Other labor market indicators remain robust: initial jobless claims and the unemployment are at or near 50 year lows and the increase in annual wages is close to its decade top.
Retail sales have rebounded from the impact of the partial government shutdown in January. Overall sales rose 0.7% in July more than twice the estimate and have averaged 0.6% monthly from March. The control group which factors into the Bureau of Economic Analysis GDP calculation gained 1.0% last month, ahead of the 0.7% estimate and has averaged a healthy 0.64% over the past five months.
Consumer spending at current levels is commensurate with an economy expanding at its current 2.0%-2.5% rate.
Business sentiment has been falling steadily since its highs of last year and the declining optimism has taken investment spending down with it. The main culprit is the trade war with China and its seemingly intractable economic and political disputes. Next in line for business is the unknown impact of Britain’s exit from the European Union. Finally the global economy has been slowing for most of the year largely under the flail of the trade arguments of its three largest components.
Fed Funds Futures
The credit markets have been predicting lower US interest rates since early last November six weeks before the Fed December rate hike. That conviction is unchanged. The fed funds futures show a 95% chance of a 25 basis point cut at the culmination of the September 18 FOMC meeting and 5% odds for a 50 point cut.
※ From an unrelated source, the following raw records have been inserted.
definition step ::
  "'w params \<Rightarrow> 'w set \<Rightarrow> ('w \<Rightarrow> wtype) \<Rightarrow> (nat \<Rightarrow> nat \<Rightarrow> real)
     \<Rightarrow> 'w state \<Rightarrow> 'w state pmf" where
  "step P W ty rep s =
    bind_pmf (Pi_pmf W False (\<lambda>i. bernoulli_pmf (pC s i))) (\<lambda>f.
      let F = {i \<in> W. f i} in
      bind_pmf (bernoulli_pmf (pA s)) (\<lambda>audit.
        if audit then return_pmf (audit_update P W ty rep F s)
        else bind_pmf (bernoulli_pmf (1/2)) (\<lambda>coin.
          let acc = (if rhoSet rep s F > rhoSet rep s (W - F) then True
                     else if rhoSet rep s F < rhoSet rep s (W - F) then False
                     else coin)
          in return_pmf (noaudit_update P ty F acc s))))"

definition steps ::
  "'w params \<Rightarrow> 'w set \<Rightarrow> ('w \<Rightarrow> wtype) \<Rightarrow> (nat \<Rightarrow> nat \<Rightarrow> real)
     \<Rightarrow> nat \<Rightarrow> 'w state \<Rightarrow> 'w state pmf" where
  "steps P W ty rep n s0 = ((\<lambda>D. bind_pmf D (step P W ty rep)) ^^ n) (return_pmf s0)"

definition closed_set ::
  "'w params \<Rightarrow> 'w set \<Rightarrow> ('w \<Rightarrow> wtype) \<Rightarrow> (nat \<Rightarrow> nat \<Rightarrow> real)
     \<Rightarrow> 'w state set \<Rightarrow> bool" where
  "closed_set P W ty rep S \<longleftrightarrow> (\<forall>s\<in>S. set_pmf (step P W ty rep s) \<subseteq> S)"

definition reputable :: "'w set \<Rightarrow> (nat \<Rightarrow> nat \<Rightarrow> real) \<Rightarrow> 'w state \<Rightarrow> 'w set \<Rightarrow> bool" where
  "reputable W rep s X \<longleftrightarrow> rhoSet rep s X > rhoSet rep s (W - X)"

definition cheaters :: "'w set \<Rightarrow> 'w state \<Rightarrow> 'w set" where
  "cheaters W s = {i \<in> W. pC s i = 1}"

definition untruthful :: "'w set \<Rightarrow> (nat \<Rightarrow> nat \<Rightarrow> real) \<Rightarrow> 'w state \<Rightarrow> bool" where
  "untruthful W rep s \<longleftrightarrow> reputable W rep s (cheaters W s)"

definition untruthful_set :: "'w set \<Rightarrow> (nat \<Rightarrow> nat \<Rightarrow> real) \<Rightarrow> 'w state set \<Rightarrow> bool" where
  "untruthful_set W rep S \<longleftrightarrow> (\<forall>s\<in>S. untruthful W rep s)"

definition reachable ::
  "'w params \<Rightarrow> 'w set \<Rightarrow> ('w \<Rightarrow> wtype) \<Rightarrow> (nat \<Rightarrow> nat \<Rightarrow> real)
     \<Rightarrow> 'w state \<Rightarrow> 'w state set \<Rightarrow> bool" where
  "reachable P W ty rep s0 S \<longleftrightarrow> (\<exists>n. measure_pmf.prob (steps P W ty rep n s0) S > 0)"

definition valid_init :: "'w params \<Rightarrow> 'w set \<Rightarrow> ('w \<Rightarrow> wtype) \<Rightarrow> 'w state \<Rightarrow> bool" where
  "valid_init P W ty s \<longleftrightarrow> pAmin P \<le> pA s \<and> pA s \<le> 1 \<and>
     (\<forall>i\<in>W. 0 \<le> pC s i \<and> pC s i \<le> 1 \<and>
        (ty i = Altruistic \<longrightarrow> pC s i = 0) \<and> (ty i = Malicious \<longrightarrow> pC s i = 1))"

definition valid_params :: "'w params \<Rightarrow> 'w set \<Rightarrow> bool" where
  "valid_params P W \<longleftrightarrow> 0 \<le> WBY P \<and> 0 \<le> WPC P \<and> 0 \<le> WCT P \<and> (\<forall>i\<in>W. 0 \<le> asp P i)
     \<and> 0 < alpha_m P \<and> 0 < alpha_w P \<and> 0 \<le> tau P \<and> 0 \<le> pAmin P"

end

theory Submission
  imports Defs
begin

text \<open>With pA = 0 the master never audits, so reputations are frozen and the answer of a
  reputable set is always accepted. If Z is reputable and all of Z cheats, every cheater set
  contains Z, is reputable, and is accepted; each rational member of Z is then rewarded by
  alpha_w (WB_Y - a_i) \<ge> 0 and keeps cheating, so the set is closed. For reachability, follow
  the path on which exactly the workers with positive cheating probability cheat: Z stays among
  the accepted cheaters, and the cheating probability of each rational i in Z grows by
  alpha_w (WB_Y - a_i) > 0 per round until it is clipped at 1.\<close>

lemma in_set_pmf_bernoulli_pmf_iff:
  assumes "0 \<le> p" "p \<le> 1"
  shows "b \<in> set_pmf (bernoulli_pmf p) \<longleftrightarrow> (if b then 0 < p else p < 1)"
  using assms by (cases b) (auto simp: set_pmf_iff)
lemma gbp_density_inversion:
  assumes "x > 0" and "t > 0"
  shows "gbp_density \<gamma> \<mu>1 \<mu>2 (1 / t) (1 / x) / x\<^sup>2 = gbp_density \<gamma> \<mu>2 \<mu>1 t x"
proof -
  have sum: "(1 / x) powr \<gamma> + (1 / t) powr \<gamma> = (x powr \<gamma> + t powr \<gamma>) * (x powr (- \<gamma>) * t powr (- \<gamma>))"
    using assms by (simp add: powr_divide powr_minus_divide field_simps)
  have "(x powr \<gamma> + t powr \<gamma>) > 0"
    using assms by (simp add: add_pos_pos)
  then show ?thesis
    using assms unfolding gbp_density_def sum
    by (simp add: powr_mult powr_powr powr_divide powr_minus_divide powr_add[symmetric]
        powr_diff field_simps power2_eq_square)
       (simp add: powr_add)
qed

lemma measurable_gg_pos [measurable]:
  assumes [measurable]: "f \<in> borel_measurable M" "g \<in> borel_measurable M"
  shows "(\<lambda>x. gg_pos \<gamma> \<mu> (f x) (g x)) \<in> borel_measurable M"
  unfolding gg_pos_def by measurable

lemma measurable_gg_neg [measurable]:
  assumes [measurable]: "f \<in> borel_measurable M" "g \<in> borel_measurable M"
  shows "(\<lambda>x. gg_neg \<gamma> \<mu> (f x) (g x)) \<in> borel_measurable M"
  unfolding gg_neg_def by measurable

lemma gg_pos_nonneg: "\<gamma> > 0 \<Longrightarrow> \<mu> > 0 \<Longrightarrow> t > 0 \<Longrightarrow> gg_pos \<gamma> \<mu> x t \<ge> 0"
  by (simp add: gg_pos_def Gamma_real_pos)

lemma gg_neg_nonneg: "\<gamma> > 0 \<Longrightarrow> \<mu> > 0 \<Longrightarrow> t > 0 \<Longrightarrow> gg_neg \<gamma> \<mu> x t \<ge> 0"
  by (simp add: gg_neg_def Gamma_real_pos)

lemma gg_pos_scale: "c > 0 \<Longrightarrow> gg_pos \<gamma> \<mu> (c * x) (c * t) = gg_pos \<gamma> \<mu> x t / c"
  by (simp add: gg_pos_def)

lemma gg_neg_scale: "c > 0 \<Longrightarrow> gg_neg \<gamma> \<mu> (c * x) (c * t) = gg_neg \<gamma> \<mu> x t / c"
  by (simp add: gg_neg_def)

lemma gg_neg_inversion:
  assumes "x > 0" and "t > 0"
  shows "gg_neg \<gamma> \<mu> x t = gg_pos \<gamma> \<mu> (1 / x) (1 / t) / x\<^sup>2"
proof -
  have base: "1 / x / (1 / t) = t / x"
    by simp
  have power: "(x / t) powr (- \<mu> * \<gamma> - 1) = (t / x) powr (\<mu> * \<gamma> - 1) * (t / x)\<^sup>2"
    using assms by (simp add: powr_minus_divide[symmetric] powr_add[symmetric] powr_divide
        powr_minus_divide power2_eq_square powr_diff field_simps)
  have exponent: "(x / t) powr (- \<gamma>) = (t / x) powr \<gamma>"
    using assms by (simp add: powr_minus_divide powr_divide)
  show ?thesis
    unfolding gg_pos_def gg_neg_def base power exponent
    using assms by (simp add: field_simps power2_eq_square)
qed

lemma gg_pos_power_form:
  assumes "x > 0" and "s > 0"
  shows "gg_pos \<gamma> \<mu> x s
       = \<gamma> / Gamma \<mu> * x powr (\<mu> * \<gamma> - 1) * s powr (- \<mu> * \<gamma>) * exp (- (x powr \<gamma> * s powr (- \<gamma>)))"
  using assms by (simp add: gg_pos_def powr_divide powr_minus_divide powr_diff field_simps)
(* For every LTL formula $\varphi$ in positive normal form and every $\sigma\in\Sigma^\omega$: $\sigma\models\varphi$ if and only if there exists $\varphi'\in\Delta_{\sigma_0}(\varphi)$ with $\sigma[1\dots]\models\varphi'$. (In the paper's notation: $\varphi\Leftrightarrow\bigvee_{x\in\Sigma,\ \varphi'\in\Delta_x(\varphi)} x\wedge\mathbf X\varphi'$.)
   Context: Fix a finite set $AP$, a finite alphabet $\Sigma$ and $I:\Sigma\to\mathcal P(AP)$. LTL formulae in positive normal form: $\varphi,\psi ::= p \mid \neg p \mid \mathbf{tt} \mid \mathbf{ff} \mid \varphi\wedge\psi \mid \varphi\vee\psi \mid \mathbf{X}\varphi \mid \varphi\,\mathbf{U}\,\psi \mid \varphi\,\mathbf{R}\,\psi$; $\mathbf F\varphi=\mathbf{tt}\,\mathbf U\varphi$, $\mathbf G\varphi=\mathbf{ff}\,\mathbf R\varphi$. Semantics on $\sigma\in\Sigma^\omega$ ($\sigma_i$ the $i$-th symbol, $\sigma[n\dots]$ the suffix from position $n$): $\sigma\models p$ iff $p\in I(\sigma_0)$; $\sigma\models\neg p$ iff $p\notin I(\sigma_0)$; $\mathbf{tt}$ always, $\mathbf{ff}$ never; $\wedge,\vee$ usual; $\sigma\models\mathbf X\varphi$ iff $\sigma[1\dots]\models\varphi$; $\sigma\models\varphi\mathbf U\psi$ iff $\exists n$, $\sigma[j\dots]\models\varphi$ for all $j<n$ and $\sigma[n\dots]\models\psi$; $\sigma\models\varphi\mathbf R\psi$ iff for all $n$, $\sigma[n\dots]\models\psi$ or $\sigma[j\dots]\models\varphi$ for some $j<n$. A temporal formula is one whose outermost operator is not $\wedge$ or $\vee$; conjunctions of temporal formulae are normalised modulo associativity, commutativity and idempotence ($\mathbf{tt}$ is the empty conjunction). $\mathrm{SIMP}(\varphi\wedge\psi)=\{\varphi'\wedge\psi'\mid\varphi'\in\mathrm{SIMP}(\varphi),\psi'\in\mathrm{SIMP}(\psi)\}$, $\mathrm{SIMP}(\varphi\vee\psi)=\mathrm{SIMP}(\varphi)\cup\mathrm{SIMP}(\psi)$, $\mathrm{SIMP}(\varphi)=\{\varphi\}$ for temporal $\varphi$. For a literal $\ell$ ($p$ or $\neg p$), $x\models p$ iff $p\in I(x)$ and $x\models\neg p$ iff $p\notin I(x)$. Direct partial derivative $\Delta_x$ ($x\in\Sigma$): $\Delta_x(\mathbf{tt})=\{\mathbf{tt}\}$; $\Delta_x(\mathbf{ff})=\emptyset$; $\Delta_x(\ell)=\{\mathbf{tt}\}$ if $x\models\ell$, else $\emptyset$; $\Delta_x(\varphi\vee\psi)=\Delta_x(\varphi)\cup\Delta_x(\psi)$; $\Delta_x(\varphi\wedge\psi)=\{\varphi'\wedge\psi'\mid\varphi'\in\Delta_x(\varphi),\psi'\in\Delta_x(\psi)\}$; $\Delta_x(\mathbf X\varphi)=\mathrm{SIMP}(\varphi)$; $\Delta_x(\varphi\mathbf U\psi)=\Delta_x(\psi)\cup\{\varphi'\wedge(\varphi\mathbf U\psi)\mid\varphi'\in\Delta_x(\varphi)\}$; $\Delta_x(\varphi\mathbf R\psi)=\{\varphi'\wedge\psi'\mid\varphi'\in\Delta_x(\varphi),\psi'\in\Delta_x(\psi)\}\cup\{\psi'\wedge(\varphi\mathbf R\psi)\mid\psi'\in\Delta_x(\psi)\}$; $\Delta_x(\mathbf F\varphi)=\Delta_x(\varphi)\cup\{\mathbf F\varphi\}$; $\Delta_x(\mathbf G\varphi)=\{\varphi'\wedge\mathbf G\varphi\mid\varphi'\in\Delta_x(\varphi)\}$. *)

theory Defs
  imports Main
begin

datatype 'ap ltl =
    Prop 'ap | NProp 'ap | TT | FF
  | And "'ap ltl" "'ap ltl" | Or "'ap ltl" "'ap ltl"
  | Next "'ap ltl" | Until "'ap ltl" "'ap ltl" | Release "'ap ltl" "'ap ltl"

abbreviation Fin :: "'ap ltl \<Rightarrow> 'ap ltl" where "Fin \<phi> \<equiv> Until TT \<phi>"
abbreviation Glob :: "'ap ltl \<Rightarrow> 'ap ltl" where "Glob \<phi> \<equiv> Release FF \<phi>"

definition suffix_from :: "(nat \<Rightarrow> 's) \<Rightarrow> nat \<Rightarrow> (nat \<Rightarrow> 's)" where
  "suffix_from \<sigma> n = (\<lambda>i. \<sigma> (n + i))"

(* semantics; I : Sigma -> P(AP) is the interpretation of letters *)
fun models :: "('s \<Rightarrow> 'ap set) \<Rightarrow> (nat \<Rightarrow> 's) \<Rightarrow> 'ap ltl \<Rightarrow> bool" where
  "models I \<sigma> (Prop p) = (p \<in> I (\<sigma> 0))"
| "models I \<sigma> (NProp p) = (p \<notin> I (\<sigma> 0))"
| "models I \<sigma> TT = True"
| "models I \<sigma> FF = False"
| "models I \<sigma> (And \<phi> \<psi>) = (models I \<sigma> \<phi> \<and> models I \<sigma> \<psi>)"
| "models I \<sigma> (Or \<phi> \<psi>) = (models I \<sigma> \<phi> \<or> models I \<sigma> \<psi>)"
| "models I \<sigma> (Next \<phi>) = models I (suffix_from \<sigma> 1) \<phi>"
| "models I \<sigma> (Until \<phi> \<psi>) =
     (\<exists>n. (\<forall>j<n. models I (suffix_from \<sigma> j) \<phi>) \<and> models I (suffix_from \<sigma> n) \<psi>)"
| "models I \<sigma> (Release \<phi> \<psi>) =
     (\<forall>n. models I (suffix_from \<sigma> n) \<psi> \<or> (\<exists>j<n. models I (suffix_from \<sigma> j) \<phi>))"

(* Conjunctions of temporal formulae modulo associativity, commutativity and
   idempotence are represented as (finite) sets of formulae; the empty set is tt. *)
type_synonym 'ap conj = "'ap ltl set"

definition models_conj :: "('s \<Rightarrow> 'ap set) \<Rightarrow> (nat \<Rightarrow> 's) \<Rightarrow> 'ap conj \<Rightarrow> bool" where
  "models_conj I \<sigma> C = (\<forall>\<psi>\<in>C. models I \<sigma> \<psi>)"

definition conj_prod :: "'ap conj set \<Rightarrow> 'ap conj set \<Rightarrow> 'ap conj set" where
  "conj_prod A B = {a \<union> b | a b. a \<in> A \<and> b \<in> B}"

fun SIMP :: "'ap ltl \<Rightarrow> 'ap conj set" where
  "SIMP (And \<phi> \<psi>) = conj_prod (SIMP \<phi>) (SIMP \<psi>)"
| "SIMP (Or \<phi> \<psi>) = SIMP \<phi> \<union> SIMP \<psi>"
| "SIMP TT = {{}}"
| "SIMP \<phi> = {{\<phi>}}"

(* direct partial derivative Delta_x; the rules for F and G are instances of
   those for U and R since F phi = tt U phi and G phi = ff R phi *)
fun Delta :: "('s \<Rightarrow> 'ap set) \<Rightarrow> 's \<Rightarrow> 'ap ltl \<Rightarrow> 'ap conj set" where
  "Delta I x TT = {{}}"
| "Delta I x FF = {}"
| "Delta I x (Prop p) = (if p \<in> I x then {{}} else {})"
| "Delta I x (NProp p) = (if p \<notin> I x then {{}} else {})"
| "Delta I x (Or \<phi> \<psi>) = Delta I x \<phi> \<union> Delta I x \<psi>"
| "Delta I x (And \<phi> \<psi>) = conj_prod (Delta I x \<phi>) (Delta I x \<psi>)"
| "Delta I x (Next \<phi>) = SIMP \<phi>"
| "Delta I x (Until \<phi> \<psi>) =
     Delta I x \<psi> \<union> {a \<union> {Until \<phi> \<psi>} | a. a \<in> Delta I x \<phi>}"
| "Delta I x (Release \<phi> \<psi>) =
     conj_prod (Delta I x \<phi>) (Delta I x \<psi>) \<union> {b \<union> {Release \<phi> \<psi>} | b. b \<in> Delta I x \<psi>}"

end

theory Submission
  imports Defs
begin

(* The derivative Delta_x is a one-step unfolding of the formula: the letter x
   discharges the literals, Next passes its argument (split into conjunct sets by
   SIMP) to the suffix, and Until and Release are unfolded by their expansion laws
     phi U psi  =  psi  or  (phi and X (phi U psi)),
     phi R psi  =  psi  and  (phi  or  X (phi R psi)).
   Reading a set of conjunct sets as a disjunction of conjunctions, conj_prod is
   conjunction and union is disjunction, so structural induction on the formula,
   generalised over the word, gives the equivalence. *)

lemma suffix_from_suffix_from [simp]: "suffix_from (suffix_from \<sigma> m) n = suffix_from \<sigma> (m + n)"
  by (simp add: suffix_from_def add.assoc)

lemma suffix_from_0 [simp]: "suffix_from \<sigma> 0 = \<sigma>"
  by (simp add: suffix_from_def)

lemma suffix_from_apply_0 [simp]: "suffix_from \<sigma> n 0 = \<sigma> n"
  by (simp add: suffix_from_def)

lemma ex_nat_split_Suc: "(\<exists>n. P n) \<longleftrightarrow> P 0 \<or> (\<exists>n. P (Suc n))"
  by (metis not0_implies_Suc)

lemma all_nat_split_Suc: "(\<forall>n. P n) \<longleftrightarrow> P 0 \<and> (\<forall>n. P (Suc n))"
  by (metis not0_implies_Suc)

lemma models_Until_unfold:
  "models I \<sigma> (Until \<phi> \<psi>) \<longleftrightarrow>
     models I \<sigma> \<psi> \<or> models I \<sigma> \<phi> \<and> models I (suffix_from \<sigma> 1) (Until \<phi> \<psi>)"
  by (subst models.simps, subst ex_nat_split_Suc) (auto simp: All_less_Suc2)

lemma models_Release_unfold:
  "models I \<sigma> (Release \<phi> \<psi>) \<longleftrightarrow>
     models I \<sigma> \<psi> \<and> (models I \<sigma> \<phi> \<or> models I (suffix_from \<sigma> 1) (Release \<phi> \<psi>))"
  by (subst models.simps, subst all_nat_split_Suc) (auto simp: Ex_less_Suc2)

lemma models_conj_Un [simp]:
  "models_conj I \<sigma> (A \<union> B) \<longleftrightarrow> models_conj I \<sigma> A \<and> models_conj I \<sigma> B"
  by (auto simp: models_conj_def)

lemma models_conj_empty [simp]: "models_conj I \<sigma> {}"
  by (simp add: models_conj_def)

lemma models_conj_singleton [simp]: "models_conj I \<sigma> {\<chi>} \<longleftrightarrow> models I \<sigma> \<chi>"
  by (simp add: models_conj_def)

lemma bex_conj_prod_models_conj:
  "(\<exists>C\<in>conj_prod A B. models_conj I \<sigma> C) \<longleftrightarrow>
     (\<exists>C\<in>A. models_conj I \<sigma> C) \<and> (\<exists>C\<in>B. models_conj I \<sigma> C)"
  unfolding conj_prod_def by (auto simp del: models_conj_Un) (metis models_conj_Un)+

lemma bex_add_conjunct_models_conj:
  "(\<exists>C\<in>{a \<union> {\<chi>} | a. a \<in> A}. models_conj I \<sigma> C) \<longleftrightarrow>
     (\<exists>C\<in>A. models_conj I \<sigma> C) \<and> models I \<sigma> \<chi>"
  by (auto simp: models_conj_def)

lemma models_iff_bex_SIMP: "models I \<sigma> \<phi> \<longleftrightarrow> (\<exists>C\<in>SIMP \<phi>. models_conj I \<sigma> C)"
  by (induction \<phi> rule: SIMP.induct) (auto simp: bex_conj_prod_models_conj)

lemma models_iff_bex_Delta:
  "models I \<sigma> \<phi> \<longleftrightarrow> (\<exists>C\<in>Delta I (\<sigma> 0) \<phi>. models_conj I (suffix_from \<sigma> 1) C)"
proof (induction \<phi> arbitrary: \<sigma>)
  case (And \<phi> \<psi>)
  then show ?case by (simp add: bex_conj_prod_models_conj)
next
  case (Next \<phi>)
  show ?case by (simp add: models_iff_bex_SIMP[symmetric])
next
  case (Until \<phi> \<psi>)
  show ?case
    by (subst models_Until_unfold)
       (simp only: Until.IH Delta.simps bex_Un bex_add_conjunct_models_conj)
next
  case (Release \<phi> \<psi>)
  show ?case
    by (subst models_Release_unfold)
       (simp only: Release.IH Delta.simps bex_Un bex_add_conjunct_models_conj
          bex_conj_prod_models_conj, blast)
qed auto

theorem lemma9:
  fixes I :: "'s::finite \<Rightarrow> 'ap::finite set"
    and \<sigma> :: "nat \<Rightarrow> 's" and \<phi> :: "'ap ltl"
  shows "models I \<sigma> \<phi> \<longleftrightarrow>
         (\<exists>\<phi>'\<in>Delta I (\<sigma> 0) \<phi>. models_conj I (suffix_from \<sigma> 1) \<phi>')"
  by (rule models_iff_bex_Delta)

end
text \<open>A positive diagonal n x n matrix is represented by its diagonal,
  a function nat => real, positive on indices i < n and zero elsewhere.\<close>
definition pos_diag :: "nat \<Rightarrow> (nat \<Rightarrow> real) set" where
  "pos_diag n = {x. (\<forall>i<n. 0 < x i) \<and> (\<forall>i\<ge>n. x i = 0)}"

text \<open>Spectral norm of a diagonal matrix = max absolute diagonal entry.\<close>
definition dnorm :: "nat \<Rightarrow> (nat \<Rightarrow> real) \<Rightarrow> real" where
  "dnorm n x = Max (insert 0 {\<bar>x i\<bar> | i. i < n})"

definition ds :: "nat \<Rightarrow> (nat \<Rightarrow> real) \<Rightarrow> (nat \<Rightarrow> real) \<Rightarrow> real" where
  "ds n a b = Max (insert 0 {\<bar>a i - b i\<bar> / sqrt (a i * b i) | i. i < n})"

definition stable_map :: "nat \<Rightarrow> ((nat \<Rightarrow> real) \<Rightarrow> (nat \<Rightarrow> real)) \<Rightarrow> bool" where
  "stable_map n f \<longleftrightarrow> (\<forall>x\<in>pos_diag n. f x \<in> pos_diag n) \<and>
     (\<forall>x\<in>pos_diag n. \<forall>y\<in>pos_diag n. ds n (f x) (f y) \<le> ds n x y)"

end

theory Submission
  imports Defs
begin

text \<open>Write \<delta>(a,b) = |a - b| / sqrt(a b), so that d_s is the maximum of \<delta> over the
  diagonal entries. With p = sqrt(a/b) one has \<delta>(a,b) = |p - 1/p|, and the identity
  pq - 1/(pq) = ((p - 1/p)(q + 1/q) + (p + 1/p)(q - 1/q))/2 gives the quasi-triangle inequality
  \<delta>(a,c) \<le> \<delta>(a,b) + \<delta>(b,c) + \<delta>(a,b) \<delta>(b,c).
  Apply it entrywise to a = \<Delta>, b = f(\<Delta>'), c = \<Delta>' = f'(\<Delta>'). Contraction gives
  \<delta>(a,b) \<le> \<lambda> d_s(\<Delta>,\<Delta>'). With E = \<parallel>sqrt(|b - c| / c)\<parallel> the entries of b lie within a factor
  1 \<plusminus> E^2 of those of c, whence \<lambda> \<delta>(b,c) \<le> E and \<delta>(b,c) \<le> O(\<parallel>b - c\<parallel>). So
  \<kappa> d_s(\<Delta>,\<Delta>') \<le> (1 - \<lambda> - E) d_s(\<Delta>,\<Delta>') \<le> O(\<parallel>b - c\<parallel>), and since \<Delta>' \<sim> O(1) this bound on
  d_s(\<Delta>,\<Delta>') turns into one on \<parallel>\<Delta> - \<Delta>'\<parallel>.\<close>

definition stable_dist :: "real \<Rightarrow> real \<Rightarrow> real" where
  "stable_dist a b = \<bar>a - b\<bar> / sqrt (a * b)"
In the three weeks since the July 31 FOMC volatility and risk in global markets has increased substantially. The US has threatened to impose tariffs on the balance of Chinese imports, political protests in Hong Kong have escalated dramatically and Boris Johnson the new British Prime Minister has promised that the UK will leave the EU on October 31 deal or no deal.
The Fed judgement that the US economy is in good shape has not been altered by the statistics of the past three weeks but the global picture has worsened considerably.
It is these risks and their implication for Fed policy that will occupy the markets.
Against the increasingly fragile background the minutes are not likely to add much analysis. But the more they reflect the market’s rising global concerns the more certain a September Fed cut becomes.